Organisasi Dawuh Guru Balla Sirrullah

by Luqman Purnomo on Nov.22, 2009, under

Warga Syathariyah yang dihimpun Dalam Organisasi Dawuh Guru: Gerakan Jamaah Lil-Muqorrobin, oleh Allah dijadikan BALA SIRRULLAH apabila dengan sungguh-sungguh Siap Mengamalkan Lailatu Al-Qadr.


                Bala Sirrullah adalah sahabat setianya Wasithah yang dengan tekun dan sungguh-sungguh kompak dan seia sekata menjalani sumpah dan janji yang telah diikrarkan dihadapan Allah dengan rasa hati yang selalu disibukkan untuk dilatih merasakan betapa indahnya mengingat-ingat dan menghayati DiriNya Ilaahi (=Al-Ghaybullah=IsiNya Huw).
Semua yang dijalani dalam membuktikan niatnya berjalan menuju kepada Allah sehingga sampai kepadaNya, selalu memenuhi perintah Allah: Wabtaghuu ilaihi al-wasiilata. Bersandar kepada Guru Wasithah. Sehingga apa yang dijalani tinggal sakderma nglakoni. Sama sekali tidak berani ngaku.........
                Bala Sirrullah adalah hamba Allah yang dibentuk olehNya dijadikan kekasihNya. Adalah
mereka yang dengan sadar dan penuh keyakinan memenuhi petunjuk Allah:
Sungguh Allah (amat) menyukai orang-orang yang selalu berperang untuk membunuh watak nafsunya sehingga si nafsu yang wujudnya adalah jiwaraganya menjadi patuh dan tunduk dijadikan tunggangannya hatinurani, roh dan rasa berjalan di jalan Allah (Shirathal-mustaqim) dalam barisan yang tertata rapi bagaikan sebuah bangunan yang tersusun kokoh”. (Arti dan maksud firman Allah dalam QS. Ash-Shaf ayat 4).

                Bala Sirrullah adalah hamba Allah yang ditarik oleh Fadhal dan RahmatNya, menggerakkan hatinya dengan penuh kesadaran “mau” meminta petunjuk Ilmu Syathariyah kepada yang berhak dan sah menunjuki (Wasithah) kemudian dengan sungguh-sungguh berniat untuk mengfusikan hatinurani, roh dan rasanya.
Yaitulah hamba yang dimengertikan dengan maksud firman Allah: Inna anzalnaahu fi lailatu al-qadr.
Sesungguhnya Kami telah menurunkan-nya di malam al-qadr. Nya yang telah diturunkan Allah itu adalah Nur Muhammad. Bertemunya fitrah manusia dengan asal kejadiannya yang suci yaitu FitrahNya Allah Swt di dalam rasa. Yakni ketika seseorang baiat Ilmu Syathariyah yang juga disebut Ilmu Nubuwah kepada Wasithah. Dimaksud pada waktu malam adalah di waktu seluruh penduduk bumi digelapkan oleh mimpi-mimpi  gelapnya. Penduduk bumi hidupnya habis dijajah dan diperintah nafsu dan watak akunya. Dibalik itu ada hamba yang dikehendaki dengan hidayakNya dituntun untuk memperoleh Ilmu Nubuwah lalu ditetapkan mulia di sisiNya (dijadikan kekasihNya), apabila hamba itu kemudian dipahamkan bahwa lailatu al-qadr yang lebih baik meskipun dibandingkan seribu bulan, mengerti terhadap maksud Allah menurunkan para MalaikatNya dan ar-ruuh.

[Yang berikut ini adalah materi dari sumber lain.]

(* In the setting described in the context, if $g_m\in\widetilde{I}$ then $m\in S$.
   Context: $\Phi$ is a commutative ring with unity $1\ne0$, regarded as a differential ring with the commuting derivations $\delta_1,\delta_2$ acting as zero. $S\subseteq\mathbb{N}$ is recursively enumerable and $M$ is a two-tape acyclic Minsky machine with states $q_0,\ldots,q_n$ ($q_0$ terminal) such that for every $x\in\mathbb{N}$, starting at configuration $[1,2^{2^x},0]$, $M$ reaches $[0,1,0]$ in finitely many steps if $x\in S$ and operates infinitely if $x\notin S$. Minsky machine conventions: two tapes infinite to the right with cells $0,1,2,\ldots$; cell $0$ contains $1$, all others $0$; a configuration $[i,a,b]$ means state $q_i$, head at cell $a$ of tape 1 and cell $b$ of tape 2. Commands are $q_i\varepsilon\sigma\to q_jT_\alpha T_\beta$ with $1\le i\le n$, $0\le j\le n$, $\varepsilon,\sigma\in\{0,1\}$, $\alpha,\beta\in\{-1,0,1\}$, $\alpha\ge0$ if $\varepsilon=1$, $\beta\ge0$ if $\sigma=1$, at most one per triple $(i,\varepsilon,\sigma)$; such a command applies to $[i,a,b]$ when ($\varepsilon=1$ iff $a=0$) and ($\sigma=1$ iff $b=0$), producing $[j,a+\alpha,b+\beta]$. Acyclic means no configuration recurs after a positive number of steps. $A=\Phi\{x_1,x_2,q_0,\ldots,q_n\}$ is the differential polynomial ring w.r.t. $\delta_1,\delta_2$ (polynomial ring in independent variables $\delta_1^a\delta_2^b(y)$, $y\in\{x_1,x_2,q_0,\ldots,q_n\}$, $\delta_1,\delta_2$ raising the corresponding exponent). $J$ is the differential ideal generated by $\delta_1(x_2),\delta_2(x_1)$, and $B=A/J$. For each command of $M$, $g(i,\varepsilon,\sigma)$ is the image in $B$ of $x_1^{\varepsilon}x_2^{\sigma}\delta_1^{1-\varepsilon}\delta_2^{1-\sigma}(q_i)-x_1^{\varepsilon}x_2^{\sigma}\delta_1^{1-\varepsilon+\alpha}\delta_2^{1-\sigma+\beta}(q_j)$; $\widetilde{I}$ is the differential ideal of $B$ generated by all $g(i,\varepsilon,\sigma)$; and $g_m$ is the image in $B$ of $x_1x_2\delta_1^{2^{2^m}}(q_1)-x_1x_2\delta_1(q_0)$. *)

theory Defs
  imports "HOL-Library.Poly_Mapping" "HOL-Algebra.QuotRing"
begin

text \<open>A command q_i eps sigma -> q_j T_alpha T_beta is stored as
  cmd i eps sigma = Some (j, alpha, beta); eps = True means the tape-1 symbol read is 1
  (i.e. head at cell 0), likewise sigma for tape 2.  Configurations are triples (i, a, b).\<close>

type_synonym minsky = "nat \<Rightarrow> bool \<Rightarrow> bool \<Rightarrow> (nat \<times> int \<times> int) option"

definition minsky_wf :: "nat \<Rightarrow> minsky \<Rightarrow> bool" where
  "minsky_wf n cmd \<longleftrightarrow>
     (\<forall>i e s j \<alpha> \<beta>. cmd i e s = Some (j, \<alpha>, \<beta>) \<longrightarrow>
        1 \<le> i \<and> i \<le> n \<and> j \<le> n \<and> \<alpha> \<in> {-1, 0, 1} \<and> \<beta> \<in> {-1, 0, 1} \<and>
        (e \<longrightarrow> \<alpha> \<ge> 0) \<and> (s \<longrightarrow> \<beta> \<ge> 0))"

definition minsky_step :: "minsky \<Rightarrow> nat \<times> nat \<times> nat \<Rightarrow> nat \<times> nat \<times> nat \<Rightarrow> bool" where
  "minsky_step cmd c c' \<longleftrightarrow>
     (case c of (i, a, b) \<Rightarrow>
        (\<exists>j \<alpha> \<beta>. cmd i (a = 0) (b = 0) = Some (j, \<alpha>, \<beta>) \<and>
           c' = (j, nat (int a + \<alpha>), nat (int b + \<beta>))))"

definition minsky_acyclic :: "minsky \<Rightarrow> bool" where
  "minsky_acyclic cmd \<longleftrightarrow> (\<forall>c. \<not> (minsky_step cmd)\<^sup>+\<^sup>+ c c)"

definition minsky_runs_forever :: "minsky \<Rightarrow> nat \<times> nat \<times> nat \<Rightarrow> bool" where
  "minsky_runs_forever cmd c \<longleftrightarrow>
     (\<forall>c'. (minsky_step cmd)\<^sup>*\<^sup>* c c' \<longrightarrow> (\<exists>c''. minsky_step cmd c' c''))"

datatype dbase = X1 | X2 | Q nat

text \<open>DV y a b stands for delta_1^a delta_2^b (y).\<close>
datatype dvar = DV dbase nat nat

type_synonym 'a dpoly = "(dvar \<Rightarrow>\<^sub>0 nat) \<Rightarrow>\<^sub>0 'a"

definition shift1 :: "dvar \<Rightarrow> dvar" where "shift1 v = (case v of DV y a b \<Rightarrow> DV y (Suc a) b)"
definition shift2 :: "dvar \<Rightarrow> dvar" where "shift2 v = (case v of DV y a b \<Rightarrow> DV y a (Suc b))"

definition var :: "dvar \<Rightarrow> 'a::comm_ring_1 dpoly" where
  "var v = Poly_Mapping.single (Poly_Mapping.single v 1) 1"

text \<open>The derivation of the polynomial ring extending the map on variables given by sh
  (zero on coefficients, Leibniz rule on monomials).\<close>
definition dderiv :: "(dvar \<Rightarrow> dvar) \<Rightarrow> 'a::comm_ring_1 dpoly \<Rightarrow> 'a dpoly" where
  "dderiv sh p = (\<Sum>m\<in>Poly_Mapping.keys p. \<Sum>v\<in>Poly_Mapping.keys (m :: dvar \<Rightarrow>\<^sub>0 nat).
      Poly_Mapping.single (m - Poly_Mapping.single v 1 + Poly_Mapping.single (sh v) 1)
        (of_nat (Poly_Mapping.lookup m v) * Poly_Mapping.lookup p m))"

                Diturunkannya para MalaikatNya Allah (yang markas besarnya ada di dalam hati nurani) berarti siap berniat untuk mengfusikan hatinurani. Yaitu menyiapkan diri menjadikan seluruh hidup dan kehidupannya diniatkan untuk berjalan menuju kepada Tuhan sehingga sampai dengan selamat dan dengan rasa bahagia bertemu denganNya. Dan caranya harus ngikut jejaknya para MalaikatNya Allah. Yakni sujud, menghormati dan belajar ka al-mayyiti di hadapan Wasithah yang berhak dan sah mensucikannya. Dan rohnya diajari, dilatih dan dididik untuk berada dalam maqam hakekat.
Tetapi juga harus ingat dan waspada bahwa Allah disamping menurunkan Malaikat al-muqorrobin juga ada Malaikat Harut dan Marut. Adalah mereka yang telah mendapat izin memperoleh Ilmu Syathariyah secara hak dan sah dari yang berhak menunjuki, mengerti dan bisa bagaimana menjalaninya, akan tetapi dengan sangat tidak pernah disadari merasa bahwa dirinyalah yang paling bisa dan paling mengerti. Nangsang pada watak  akunya lalu menjadi racun yang menyesatkannya. Bahkan menyebarkan ilmu sihir yang mempesona, sehingga banyak yang terpengaruh mengikutinya. Menjadi sesat dan menyesatkan.
Itulah sebabnya mengapa pada firmanNya QS. Al Maidah ayat 35 Allah mengingatkan dengan petunjukNya, ditujukan kepada orang-orang yang telah beriman (yang berimannya telah ma’rifatun wa tashdiqun), diperintah supaya bertaqwa. Yaitu supaya bersungguh-sungguh beribadah kepada Allah dengan benar (itba’ kepada Wasithah) dan ikhlas. Masih diperintah supaya dapat selamat sampai kepadaNya, bersandar Wasithah dan masih diperintah lagi untuk selalu memerangi nafsu agar selalu patuh berada di jalan Allah, yakni Shirathal-mustaqim yang dhahiruhu syareat dan batinnya mapan di hakekat (Dawuh Guru), supaya kamu semua beruntung…………
                Jadi, Bala Sirrullah adalah (mestinya) kita semua yang telah benar-benar bersiap diri ngenggo (mematrikan dalam diri kita) guna mengamalkan Lailatu al-Qadr. Siap nunggang jaran napas angin. Setiap keluar masuknya nafas berusaha selalu dibarengi dengan ingatnya hati pada IsiNya Huw. Sekali lagi, ingatnya pada IsiNya Huw bareng dengan masuknya nafas. Bukan keluarnya. Sebab nafas itu apabila masuk dan tidak keluar lagi, namanya mati. Maka matinya mati yang selamat (selamat kembali kepada Tuhan).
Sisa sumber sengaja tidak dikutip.